- [What you need to do]: Where the line containing "by (intro L2sq_eventually_bounded[OF" appears, start copying; continue through the last line below and copy nothing else.

(Stored data entries)
== Segment start ==
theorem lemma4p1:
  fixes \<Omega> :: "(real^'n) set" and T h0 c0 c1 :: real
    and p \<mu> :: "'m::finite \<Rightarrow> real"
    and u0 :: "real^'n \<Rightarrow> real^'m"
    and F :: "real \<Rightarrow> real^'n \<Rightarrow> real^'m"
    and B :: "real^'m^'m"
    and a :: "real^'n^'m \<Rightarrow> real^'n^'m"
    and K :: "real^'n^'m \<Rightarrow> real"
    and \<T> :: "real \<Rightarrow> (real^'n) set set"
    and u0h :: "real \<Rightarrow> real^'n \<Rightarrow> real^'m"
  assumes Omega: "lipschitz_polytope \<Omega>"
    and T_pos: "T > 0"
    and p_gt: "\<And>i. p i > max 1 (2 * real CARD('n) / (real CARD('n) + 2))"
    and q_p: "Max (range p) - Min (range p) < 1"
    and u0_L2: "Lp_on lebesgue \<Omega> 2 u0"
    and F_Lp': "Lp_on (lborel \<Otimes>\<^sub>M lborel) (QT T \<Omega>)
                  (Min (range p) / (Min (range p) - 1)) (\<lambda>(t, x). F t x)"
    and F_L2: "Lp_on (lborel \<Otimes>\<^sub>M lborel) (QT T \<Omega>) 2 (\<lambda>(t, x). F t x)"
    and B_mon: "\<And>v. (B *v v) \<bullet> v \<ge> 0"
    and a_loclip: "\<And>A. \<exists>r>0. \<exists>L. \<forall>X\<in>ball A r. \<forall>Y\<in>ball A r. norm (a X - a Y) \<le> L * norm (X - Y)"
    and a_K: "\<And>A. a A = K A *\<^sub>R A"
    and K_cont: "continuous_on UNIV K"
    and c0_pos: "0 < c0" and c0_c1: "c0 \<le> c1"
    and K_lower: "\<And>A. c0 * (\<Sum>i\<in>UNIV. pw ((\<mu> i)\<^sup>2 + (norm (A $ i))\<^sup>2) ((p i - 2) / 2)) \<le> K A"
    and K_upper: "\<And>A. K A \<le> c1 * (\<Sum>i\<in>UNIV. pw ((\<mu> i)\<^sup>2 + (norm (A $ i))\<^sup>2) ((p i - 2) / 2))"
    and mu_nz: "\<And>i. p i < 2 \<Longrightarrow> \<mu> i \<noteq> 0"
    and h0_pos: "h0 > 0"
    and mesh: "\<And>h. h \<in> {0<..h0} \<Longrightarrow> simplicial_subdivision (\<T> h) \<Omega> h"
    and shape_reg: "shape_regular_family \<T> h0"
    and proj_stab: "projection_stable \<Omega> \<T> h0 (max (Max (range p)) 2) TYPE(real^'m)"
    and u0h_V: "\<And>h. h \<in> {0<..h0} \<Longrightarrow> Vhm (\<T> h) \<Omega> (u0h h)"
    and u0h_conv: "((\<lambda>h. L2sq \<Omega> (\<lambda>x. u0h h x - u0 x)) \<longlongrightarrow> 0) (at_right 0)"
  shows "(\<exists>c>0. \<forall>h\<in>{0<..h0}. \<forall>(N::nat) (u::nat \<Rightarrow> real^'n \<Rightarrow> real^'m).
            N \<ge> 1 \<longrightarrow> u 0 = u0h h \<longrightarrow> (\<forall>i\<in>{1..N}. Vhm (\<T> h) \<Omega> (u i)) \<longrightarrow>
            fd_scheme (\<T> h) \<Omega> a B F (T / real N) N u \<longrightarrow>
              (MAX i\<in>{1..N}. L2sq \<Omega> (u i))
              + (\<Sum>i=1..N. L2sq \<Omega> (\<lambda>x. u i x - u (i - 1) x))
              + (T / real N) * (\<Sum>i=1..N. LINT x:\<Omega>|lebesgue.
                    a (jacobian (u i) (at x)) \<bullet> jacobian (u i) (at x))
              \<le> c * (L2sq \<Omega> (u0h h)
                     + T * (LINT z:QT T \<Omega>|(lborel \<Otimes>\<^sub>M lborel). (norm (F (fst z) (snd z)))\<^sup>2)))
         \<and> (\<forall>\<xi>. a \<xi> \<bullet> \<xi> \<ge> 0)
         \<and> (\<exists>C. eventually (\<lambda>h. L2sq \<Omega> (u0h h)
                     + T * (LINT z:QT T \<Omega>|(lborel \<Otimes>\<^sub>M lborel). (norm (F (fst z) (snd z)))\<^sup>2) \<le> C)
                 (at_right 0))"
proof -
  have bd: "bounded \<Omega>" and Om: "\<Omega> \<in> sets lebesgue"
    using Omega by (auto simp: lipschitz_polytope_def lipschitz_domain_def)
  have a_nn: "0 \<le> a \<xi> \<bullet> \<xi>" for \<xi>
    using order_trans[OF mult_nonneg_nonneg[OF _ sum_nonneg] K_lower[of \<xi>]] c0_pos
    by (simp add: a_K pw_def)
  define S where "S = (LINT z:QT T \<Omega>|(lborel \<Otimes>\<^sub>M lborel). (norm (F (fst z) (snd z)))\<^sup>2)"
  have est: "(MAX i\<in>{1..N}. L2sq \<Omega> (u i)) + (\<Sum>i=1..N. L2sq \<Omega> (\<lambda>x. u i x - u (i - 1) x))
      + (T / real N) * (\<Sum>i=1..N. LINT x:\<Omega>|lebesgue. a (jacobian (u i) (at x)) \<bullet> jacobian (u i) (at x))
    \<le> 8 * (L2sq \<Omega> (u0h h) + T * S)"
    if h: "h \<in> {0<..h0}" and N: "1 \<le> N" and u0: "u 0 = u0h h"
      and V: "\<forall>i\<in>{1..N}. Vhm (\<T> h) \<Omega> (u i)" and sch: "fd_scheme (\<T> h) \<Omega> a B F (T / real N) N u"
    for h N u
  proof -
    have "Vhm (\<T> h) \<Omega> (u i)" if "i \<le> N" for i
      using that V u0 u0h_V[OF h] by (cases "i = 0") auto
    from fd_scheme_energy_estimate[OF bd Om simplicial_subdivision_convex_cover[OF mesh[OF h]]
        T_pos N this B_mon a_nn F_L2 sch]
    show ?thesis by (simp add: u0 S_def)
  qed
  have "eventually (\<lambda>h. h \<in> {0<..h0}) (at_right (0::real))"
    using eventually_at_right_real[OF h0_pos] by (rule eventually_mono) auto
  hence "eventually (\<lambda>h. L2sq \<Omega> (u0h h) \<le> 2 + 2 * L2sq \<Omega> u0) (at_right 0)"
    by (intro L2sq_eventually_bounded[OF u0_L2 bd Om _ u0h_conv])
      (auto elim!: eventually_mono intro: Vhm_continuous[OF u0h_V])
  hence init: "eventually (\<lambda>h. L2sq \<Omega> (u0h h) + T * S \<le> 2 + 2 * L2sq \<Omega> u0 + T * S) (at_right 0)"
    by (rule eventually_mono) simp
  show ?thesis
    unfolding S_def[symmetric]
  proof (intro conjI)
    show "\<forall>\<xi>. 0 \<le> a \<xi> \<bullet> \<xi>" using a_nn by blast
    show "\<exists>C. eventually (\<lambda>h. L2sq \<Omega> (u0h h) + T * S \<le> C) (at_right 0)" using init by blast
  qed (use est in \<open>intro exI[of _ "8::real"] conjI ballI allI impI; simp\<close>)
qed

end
== Segment end ==
- [Expected answer]:
    by (intro L2sq_eventually_bounded[OF u0_L2 bd Om _ u0h_conv])
      (auto elim!: eventually_mono intro: Vhm_continuous[OF u0h_V])
  hence init: "eventually (\<lambda>h. L2sq \<Omega> (u0h h) + T * S \<le> 2 + 2 * L2sq \<Omega> u0 + T * S) (at_right 0)"
    by (rule eventually_mono) simp
  show ?thesis
    unfolding S_def[symmetric]
  proof (intro conjI)
    show "\<forall>\<xi>. 0 \<le> a \<xi> \<bullet> \<xi>" using a_nn by blast
    show "\<exists>C. eventually (\<lambda>h. L2sq \<Omega> (u0h h) + T * S \<le> C) (at_right 0)" using init by blast
  qed (use est in \<open>intro exI[of _ "8::real"] conjI ballI allI impI; simp\<close>)
qed

end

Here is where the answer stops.